Frequently Asked Questions

What is Manning's n for concrete pipe?

Use n = 0.013 as the typical design value for precast concrete pipe with good joints, ranging from 0.011 (smooth monolithic finish) to 0.015 (rough joints). Cast-in-place with steel forms is about 0.013; aged or deteriorated pipe rises to 0.017-0.020. Source: Chow (1959) and FHWA HEC-22.

What is Manning's n for corrugated metal pipe (CMP)?

For standard 2-2/3 x 1/2 in (68 x 13 mm) corrugated metal pipe, use n = 0.024 typical (range 0.022-0.026). Larger 3 x 1 in corrugations run about 0.028, and 6 x 2 in structural plate about 0.035. A fully smooth-lined CMP drops to roughly 0.013. Source: FHWA HDS-4.

What Manning's n should I use for PVC or HDPE pipe?

For smooth-wall PVC use n = 0.010 (range 0.009-0.011). Smooth-wall HDPE is about 0.011, and dual-wall corrugated HDPE with a smooth liner is 0.012. Single-wall corrugated HDPE with a corrugated interior is much rougher at about 0.020. Source: FHWA HEC-22.

What is Manning's n for steel pipe (0.012)?

Smooth, coated steel pipe uses n = 0.012 typical (range 0.010-0.014), which is the widely cited 0.012 value for commercial steel pipe.
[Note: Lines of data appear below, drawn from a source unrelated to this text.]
(* Let $S_1,S_2$ be two non-empty intervals of extended $\mathbb Z$-segments with $\mathrm{Supp}(S_1)=\mathrm{Supp}(S_2)$. Then: (a) $S_1\cap S_2$ is an interval; (b) there are at most $3$ intervals that are adjacent to $S_1$; (c) if $|S_1|>1$, $|S_2|>1$, $|S_1\cap S_2|=1$, and there exists an interval $S_1'$ adjacent to $S_1$ with $|S_1'\cap S_2|>0$, then $|S_1'\cap S_2|=2$.
   Context: A $\mathbb Z$-segment is $[A,B]=\{A,A-1,\dots,B\}$ with $A\ge B$ integers; its length is $b=A-B+1$. A virtual extended $\mathbb Z$-segment is a triple $([A,B],l,\eta)$ with $l\in\mathbb Z$, $l\le b/2$, and $\eta\in\{\pm1\}$, where if $b=2l$ the values $\eta$ and $-\eta$ are identified (otherwise not). It is an extended $\mathbb Z$-segment if moreover $l\ge0$. Its support is $\mathrm{Supp}=[A,B]$. Two virtual extended $\mathbb Z$-segments $([A_i,B_i],l_i,\eta_i)$ are adjacent if they have the same support and either there are lifts with $\eta_1=\eta_2$ and $|l_1-l_2|=1$, or $b$ is odd, $l_1=l_2=(b-1)/2$ and $\eta_1=-\eta_2$. A virtual interval is a finite set $\{\mathfrak e_1,\dots,\mathfrak e_r\}$ ($r\ge0$) of pairwise distinct virtual extended $\mathbb Z$-segments with $\mathfrak e_i$ adjacent to $\mathfrak e_{i+1}$ for all $i$; its support is the common support; an interval is a virtual interval consisting of extended $\mathbb Z$-segments. Two non-empty virtual intervals $S_1,S_2$ are adjacent if $S_1\cup S_2$ is a virtual interval and $|S_1|+1=|S_1\cup S_2|=|S_2|+1$. Two intervals $S_1,S_2$ are adjacent if there exist virtual intervals $S_1^+,S_2^+$ that are adjacent and satisfy $S_i=S_i^+\cap\{\text{extended }\mathbb Z\text{-segments}\}$. *)

theory Defs
  imports Main
begin

text \<open>The identification of eta and -eta when b = 2l is handled by choosing the
  canonical representative eta = 1 in that case (see vseg_valid).\<close>

datatype vseg = VSeg (segA: int) (segB: int) (segl: int) (segeta: int)

definition seg_len :: "vseg \<Rightarrow> int" where
  "seg_len e = segA e - segB e + 1"

definition seg_supp :: "vseg \<Rightarrow> int \<times> int" where
  "seg_supp e = (segA e, segB e)"

definition vseg_valid :: "vseg \<Rightarrow> bool" where
  "vseg_valid e \<longleftrightarrow> segA e \<ge> segB e \<and> 2 * segl e \<le> seg_len e
     \<and> segeta e \<in> {1, -1} \<and> (seg_len e = 2 * segl e \<longrightarrow> segeta e = 1)"

definition eseg :: "vseg \<Rightarrow> bool" where
  "eseg e \<longleftrightarrow> vseg_valid e \<and> segl e \<ge> 0"

definition eta_lifts :: "vseg \<Rightarrow> int set" where
  "eta_lifts e = (if seg_len e = 2 * segl e then {1, -1} else {segeta e})"

definition vadj :: "vseg \<Rightarrow> vseg \<Rightarrow> bool" where
  "vadj e1 e2 \<longleftrightarrow> seg_supp e1 = seg_supp e2 \<and>
     (((\<exists>\<eta>\<in>eta_lifts e1. \<eta> \<in> eta_lifts e2) \<and> \<bar>segl e1 - segl e2\<bar> = 1)
      \<or> (odd (seg_len e1) \<and> 2 * segl e1 = seg_len e1 - 1 \<and> 2 * segl e2 = seg_len e1 - 1
          \<and> segeta e1 = - segeta e2))"

definition virtual_interval :: "vseg set \<Rightarrow> bool" where
  "virtual_interval S \<longleftrightarrow> (\<forall>e\<in>S. vseg_valid e) \<and>
     (\<exists>xs. distinct xs \<and> set xs = S \<and> successively vadj xs)"

definition interval :: "vseg set \<Rightarrow> bool" where
  "interval S \<longleftrightarrow> virtual_interval S \<and> (\<forall>e\<in>S. eseg e)"

definition Supp :: "vseg set \<Rightarrow> int \<times> int" where
  "Supp S = (THE p. \<forall>e\<in>S. seg_supp e = p)"

definition vint_adj :: "vseg set \<Rightarrow> vseg set \<Rightarrow> bool" where
  "vint_adj S1 S2 \<longleftrightarrow> S1 \<noteq> {} \<and> S2 \<noteq> {} \<and> virtual_interval S1 \<and> virtual_interval S2
     \<and> virtual_interval (S1 \<union> S2)
     \<and> card S1 + 1 = card (S1 \<union> S2) \<and> card (S1 \<union> S2) = card S2 + 1"

definition int_adj :: "vseg set \<Rightarrow> vseg set \<Rightarrow> bool" where
  "int_adj S1 S2 \<longleftrightarrow> interval S1 \<and> interval S2 \<and>
     (\<exists>T1 T2. vint_adj T1 T2 \<and> S1 = T1 \<inter> Collect eseg \<and> S2 = T2 \<inter> Collect eseg)"

end

theory Submission
  imports Defs
begin

text \<open>Fix a support [A,B] of length b. Reading off the position p = l (if \<eta> = 1) or p = b - l
  (if \<eta> = -1) identifies the virtual extended segments with this support with the integers; under
  this identification adjacency becomes |p - q| = 1 and being an extended segment becomes
  0 \<le> p \<le> b. Hence virtual intervals are integer intervals {m..n}, intervals are integer intervals
  inside {0..b}, and adjacent virtual intervals are shifts of each other by \<plusminus>1. Intersecting with
  {0..b} clips such a shift, which leaves at most three possibilities for an interval adjacent to a
  given one; (a) and (c) become elementary statements about integer intervals.\<close>

definition vseg_at :: "int \<Rightarrow> int \<Rightarrow> int \<Rightarrow> vseg" where
  "vseg_at A B p = (if 2 * p \<le> A - B + 1 then VSeg A B p 1 else VSeg A B (A - B + 1 - p) (-1))"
Riveted and spiral steel is rougher at about 0.015. Source: FHWA HEC-22 for coated steel; Chow (1959) for riveted and spiral.

What Manning's n should I use for a concrete-lined channel?
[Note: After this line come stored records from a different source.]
(* Let $R=\mathbb{F}_q+v\mathbb{F}_q+v^2\mathbb{F}_q$ with $v^3=v$, let $M$ be an $(n-1)\times(n-1)$ circulant matrix over $R$, and let $\alpha,\omega\in R$. Then the matrix $$G=\left(I_n\ \middle|\ \begin{array}{cccc}\alpha&\omega&\cdots&\omega\\ \omega&&&\\ \vdots&&M&\\ \omega&&&\end{array}\right)$$ is a generator matrix of a formally self-dual code over $R$.
   Context: $q$ is a prime power and $R=\mathbb{F}_q[v]/\langle v^3-v\rangle$. A circulant matrix is one in which each row is the cyclic shift one position to the right of the previous row. A linear code of length $N$ over $R$ is an $R$-submodule of $R^N$; $C^\perp=\{x\in R^N:\sum x_iy_i=0\ \forall y\in C\}$. For $c\in R^N$ written uniquely as $a_0+va_1+v^2a_2$ with $a_i\in\mathbb{F}_q^N$, the Gray map is $\Psi(c)=(a_0,a_0+a_2,a_1)$ and the Lee weight $w_L(c)$ is the Hamming weight of $\Psi(c)$. $C$ is formally self-dual if $C$ and $C^\perp$ have the same Lee weight enumerator $\sum_c X^{3N-w_L(c)}Y^{w_L(c)}$. *)

theory Defs
  imports Main
begin

text \<open>The ring R = F[v]/(v^3 - v): the element R3 a0 a1 a2 stands for a0 + v a1 + v^2 a2.\<close>

datatype 'a R3 = R3 (c0: 'a) (c1: 'a) (c2: 'a)

instantiation R3 :: (field) comm_ring_1
begin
For a trowel-finished concrete channel use n = 0.013 (range 0.011-0.015). A float finish is about 0.015, unfinished as-cast concrete about 0.017, and gunite 0.019-0.022 depending on smoothness. Source: Chow (1959) and USACE EM 1110-2-1601.

What is Manning's n for a natural stream or channel?

A clean, straight minor stream uses n = 0.030 typical (range 0.025-0.033). Winding streams with pools run 0.040-0.045, weedy sluggish reaches 0.070, and heavily vegetated floodplains can exceed 0.100. Source: Chow (1959).